At the same time, however, it only takes about 1.5k to 2k per day for 30 days to complete nanowrimo, and that’s about the rate that I’m writing right now (a little less, actually).  With World Fantasy smack at the end of October, I probably won’t start anything new until November 1st.  So even though I’m not taking time off from my serious stuff to do it, I probably will participate in nanowrimo this year.

As far as other stuff going on in November, I am very much looking forward to seeing my sister in Houston over Thanksgiving weekend.  Since I don’t know if I can find a job that will give me that week off, and since I’m already in a pretty good financial place with the money from this last job, I think I’ll take most of the month off to focus on my writing, rather than look for full-time work.

However, I have been thinking a lot about becoming a freelance translator.  One thing I’ve learned from working in a warehouse (and I’ll blog more about this at the end of the week) is that I hate not using the stuff I learned in college.  My original plan when I chose to major in Mideast studies was to use Arabic to find a regular job until the writing took off, and so far I haven’t done that.

Besides, I REALLY want to go back to the Middle East someday.  If I can improve my Arabic to the point where I feel I can get along better than the average American student, I might just move over there for a year or two (or five or ten…).

Anyhow, I’ve got a ton of stuff to do (including writing–I want to hit at least 3k today), so that’s all for now.  See ya!

Blarg!

What a crappy unproductive day.

This morning, I had all sorts of technical difficulties with my podcatcher and mp3 player.  Spent so much time fixing those that I got no writing time in whatsoever.

Work actually got out on time today, which was nice, but I had so many chores to do before institute that I was literally eating dinner while I fixed the treats.  Even then, I was still twenty minutes late (but the lesson was awesome, and so were the treats).

Went to the Quark movie forum to relax a little, watched a couple episodes of Full Metal Alchemist.
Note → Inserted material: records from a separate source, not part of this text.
text \<open>
  The word consists of 2n copies of the block 0 1 0 2 1 3 2 4 3 ... (n-1) (n-2) (n-1) of length
  2n. Exactly the letters v and v+1 alternate in it, so TG(w) is the path 0 - 1 - ... - (n-1).
  Every five consecutive letters contain a repetition, whereas no letter is repeated at distance 1
  and no letter occurs three times within 2n consecutive positions; hence every timestep factor
  other than the first and the last has length 3 or 4. For a temporal walk, pick in the factor of
  each step a position carrying an endpoint of the edge used: these positions advance by at least
  3 per step. Inside a block, however, the edge {v, v+1} only occurs around position 2v, and the
  walk advances by one vertex per step, so the positions advance by only about 2 per step. Hence
  at most 8 steps fall into one block; a walk visiting all n vertices has at least n - 1 steps, so
  it reaches block (n - 9)/8, i.e. timestep about n^2/16.
\<close>

section \<open>Start points and timestep factors\<close>

lemma in_set_take_drop_iff:
  "a \<in> set (take k (drop s w)) \<longleftrightarrow> (\<exists>i. s \<le> i \<and> i < s + k \<and> i < length w \<and> w ! i = a)"
proof
  assume "a \<in> set (take k (drop s w))"
  then obtain m where "m < k" "s + m < length w" "w ! (s + m) = a"
    by (auto simp: in_set_conv_nth)
  then show "\<exists>i. s \<le> i \<and> i < s + k \<and> i < length w \<and> w ! i = a"
    by (intro exI[of _ "s + m"]) auto
next
  assume "\<exists>i. s \<le> i \<and> i < s + k \<and> i < length w \<and> w ! i = a"
  then obtain i where "s \<le> i" "i < s + k" "i < length w" "w ! i = a" by blast
  then show "a \<in> set (take k (drop s w))"
    by (auto simp: in_set_conv_nth intro!: exI[of _ "i - s"])
qed

lemma in_set_drop_iff: "a \<in> set (drop s w) \<longleftrightarrow> (\<exists>i. s \<le> i \<and> i < length w \<and> w ! i = a)"
  using in_set_take_drop_iff[of a "length w" s w] by auto

lemma is_next_iff:
  "is_next w s j \<longleftrightarrow> s < j \<and> j < length w \<and> (\<exists>i. s \<le> i \<and> i < j \<and> w ! i = w ! j)"
  unfolding is_next_def in_set_take_drop_iff by auto

definition next_start :: "nat list \<Rightarrow> nat \<Rightarrow> nat" where
  "next_start w s = (LEAST j. is_next w s j)"

lemma next_start:
  assumes "is_next w s j"
  shows is_next_next_start: "is_next w s (next_start w s)"
    and next_start_le: "next_start w s \<le> j"
  using assms unfolding next_start_def by (auto intro: LeastI Least_le)

lemma startpts_next_start: "s \<in> startpts w \<Longrightarrow> is_next w s j \<Longrightarrow> next_start w s \<in> startpts w"
  unfolding next_start_def by (rule startpts.step) auto

lemma startpts_subset: "startpts w \<subseteq> insert 0 {..<length w}"
proof
  fix s assume "s \<in> startpts w"
  then show "s \<in> insert 0 {..<length w}"
  proof (induction rule: startpts.induct)
    case (step s)
    then obtain j where "is_next w s j" by blast
    then show ?case
      using is_next_next_start unfolding next_start_def is_next_def by fastforce
  qed simp
qed

lemma finite_startpts: "finite (startpts w)"
  using startpts_subset finite_subset by blast

lemma next_start_le_startpts:
  "s' \<in> startpts w \<Longrightarrow> s \<in> startpts w \<Longrightarrow> s < s' \<Longrightarrow>
   (\<exists>j. is_next w s j) \<and> next_start w s \<le> s'"
proof (induction s' arbitrary: s rule: less_induct)
  case (less s')
  from less.prems(1) show ?case
  proof (cases rule: startpts.cases)
    case first
    then show ?thesis using less.prems by simp
  next
    case (step s0)
    then have s': "s' = next_start w s0" and nxt: "is_next w s0 s'"
      using is_next_next_start unfolding next_start_def by auto
    then have "s0 < s'" unfolding is_next_def by simp
    consider "s = s0" | "s < s0" | "s0 < s" by linarith
    then show ?thesis
    proof cases
      case 1
      then show ?thesis using nxt s' by auto
    next
      case 2
      then show ?thesis using less.IH[OF \<open>s0 < s'\<close> step(2) less.prems(2)] \<open>s0 < s'\<close> by auto
    next
      case 3
      then show ?thesis using less.IH[OF less.prems(3,2) step(2)] s' less.prems(3) by simp
    qed
  qed
qed

lemma set_starts: "set (starts w) = startpts w"
  by (simp add: starts_def finite_startpts)

lemma sorted_starts: "sorted_wrt (<) (starts w)"
  unfolding starts_def by (simp add: sorted_list_of_set.strict_sorted_key_list_of_set)

lemma starts_nth_mem: "t < numT w \<Longrightarrow> starts w ! t \<in> startpts w"
  using set_starts numT_def by (metis nth_mem)

lemma starts_strict_mono: "t < t' \<Longrightarrow> t' < numT w \<Longrightarrow> starts w ! t < starts w ! t'"
  using sorted_starts numT_def sorted_wrt_nth_less by metis

lemma starts_mono: "t \<le> t' \<Longrightarrow> t' < numT w \<Longrightarrow> starts w ! t \<le> starts w ! t'"
  using starts_strict_mono by (metis le_eq_less_or_eq order.strict_implies_order)

lemma startpts_index: "s \<in> startpts w \<Longrightarrow> \<exists>t<numT w. starts w ! t = s"
  using set_starts numT_def by (metis in_set_conv_nth)

lemma starts_0: "0 < numT w" "starts w ! 0 = 0"
proof -
  obtain t where t: "t < numT w" "starts w ! t = 0"
    using startpts_index startpts.first by blast
  moreover have "t = 0"
    using starts_strict_mono[of 0 t w] t by (metis gr_implies_not0 not_gr0)
  ultimately show "0 < numT w" "starts w ! 0 = 0" by auto
qed

lemma next_start_in_starts:
  assumes "t < numT w" "is_next w (starts w ! t) j"
  shows "Suc t < numT w \<and> starts w ! Suc t = next_start w (starts w ! t)"
proof -
  let ?s = "starts w ! t"
  obtain t' where t': "t' < numT w" "starts w ! t' = next_start w ?s"
    using startpts_index[OF startpts_next_start[OF starts_nth_mem[OF assms(1)] assms(2)]] by blast
  have "?s < starts w ! t'"
    using is_next_next_start[OF assms(2)] t' unfolding is_next_def by simp
  then have "\<not> t' \<le> t" using starts_mono[of t' t w] assms(1) by auto
  then have "Suc t < numT w" "Suc t \<le> t'" using t' by auto
  then have "starts w ! Suc t \<le> next_start w ?s" using t' starts_mono[of "Suc t" t' w] by simp
  moreover have "next_start w ?s \<le> starts w ! Suc t"
    using next_start_le_startpts[OF starts_nth_mem[OF \<open>Suc t < numT w\<close>] starts_nth_mem[OF assms(1)]]
      starts_strict_mono[OF lessI \<open>Suc t < numT w\<close>] by blast
  ultimately show ?thesis using \<open>Suc t < numT w\<close> by simp
qed

lemma starts_Suc:
  assumes "Suc t < numT w"
  shows "is_next w (starts w ! t) (starts w ! Suc t)"
    and "starts w ! Suc t = next_start w (starts w ! t)"
proof -
  obtain j where "is_next w (starts w ! t) j"
    using next_start_le_startpts starts_nth_mem starts_strict_mono assms by (meson lessI Suc_lessD)
  then show "starts w ! Suc t = next_start w (starts w ! t)"
    and "is_next w (starts w ! t) (starts w ! Suc t)"
    using next_start_in_starts is_next_next_start assms by (metis Suc_lessD)+
qed

lemma no_next_after_last_start: "\<not> is_next w (starts w ! (numT w - 1)) j"
proof
  assume "is_next w (starts w ! (numT w - 1)) j"
  then have "Suc (numT w - 1) < numT w"
    using next_start_in_starts starts_0(1) by (metis diff_less zero_less_one)
  then show False by simp
qed

text \<open>Timestep t (counted from 1) occupies the positions from factor_start w t below factor_end w t.\<close>

definition factor_start :: "nat list \<Rightarrow> nat \<Rightarrow> nat" where
  "factor_start w t = starts w ! (t - 1)"

definition factor_end :: "nat list \<Rightarrow> nat \<Rightarrow> nat" where
  "factor_end w t = (if t < numT w then starts w ! t else length w)"

lemma factor_end_le_length: "factor_end w t \<le> length w"
proof (cases "0 < t \<and> t < numT w")
  case True
  then have "is_next w (starts w ! (t - 1)) (starts w ! t)" using starts_Suc[of "t - 1" w] by simp
  then show ?thesis using True unfolding factor_end_def is_next_def by simp
next
  case False
  then show ?thesis unfolding factor_end_def using starts_0 by auto
qed

lemma mem_factor_iff:
  assumes "1 \<le> t" "t \<le> numT w"
  shows "a \<in> set (factor w t) \<longleftrightarrow> (\<exists>p. factor_start w t \<le> p \<and> p < factor_end w t \<and> w ! p = a)"
proof (cases "t < numT w")
  case True
  have "starts w ! t \<le> length w" using factor_end_le_length[of w t] True by (simp add: factor_end_def)
  moreover have "factor w t = take (starts w ! t - starts w ! (t - 1)) (drop (starts w ! (t - 1)) w)"
    using True by (simp add: factor_def)
  moreover have "starts w ! (t - 1) < starts w ! t" using starts_strict_mono True assms(1) by simp
  ultimately show ?thesis
    using True unfolding factor_start_def factor_end_def by (auto simp: in_set_take_drop_iff)
next
  case False
  then show ?thesis using assms
    unfolding factor_def factor_start_def factor_end_def by (auto simp: in_set_drop_iff)
qed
It was good to relax and socialize, but I didn’t get back until 10:00 pm, and had to update my mp3 player for the next day of work.  That took some time, because the podcasts were taking forever to download on the slow apartment connection…and to make a long story short, I only had about half an hour to write.

So I took an hour, which means I’ll probably be freaking exhausted when I wake up tomorrow.  Blarg!

I’ve found that I need to get a solid two or three hour block of writing in each day, otherwise it’s a wash.  Tomorrow, I hope to have that in the morning and after Leading Edge, but if things are going slow I might have to pull out of Leading Edge and just focus on the writing.  World Fantasy is coming up, and I absolutely MUST finish this project and make it shine.

In other news, I heard back from the wilderness job today.  They don’t have a spot open for the November training, since they need to focus on hiring women in order to have enough counselors to take care of their female students.  However, they want to wait list me for the January training, which is a good sign.  I’ll just have to find another short-term job to carry me through November and December (and get ready for camping on the snow–it’s going to be crazy!)

Anyhow, what am I doing writing this when I should be sleeping??  Ach!  Goodnight!

Third Quarter 2010

This might be more than a little dorky, but I keep track of how much I write each day in a giant spreadsheet and do a blog post at the end of each quarter summing up how things went.  It’s October already, so this is the Q3 report.  Here goes:

In July, I was working part time at the call center and donating plasma while looking for work.  I look back on it now and it seems that I had a ton of free time, and perhaps that shows in the way my productivity climbed way up in the first part of the month…but then it fell back down and never picked up again.

Part of that might have to do with the difficulty of the story.  Around the middle of July, I wrote through my half-finished draft of Worlds Away from Home and started drafting entirely new material.  It was my first time composing a new story in over a year, and I found it pretty tough.  At one point, I had to bike down the Provo river trail and write on a park bench just to get the creative juices to flow.  It was difficult.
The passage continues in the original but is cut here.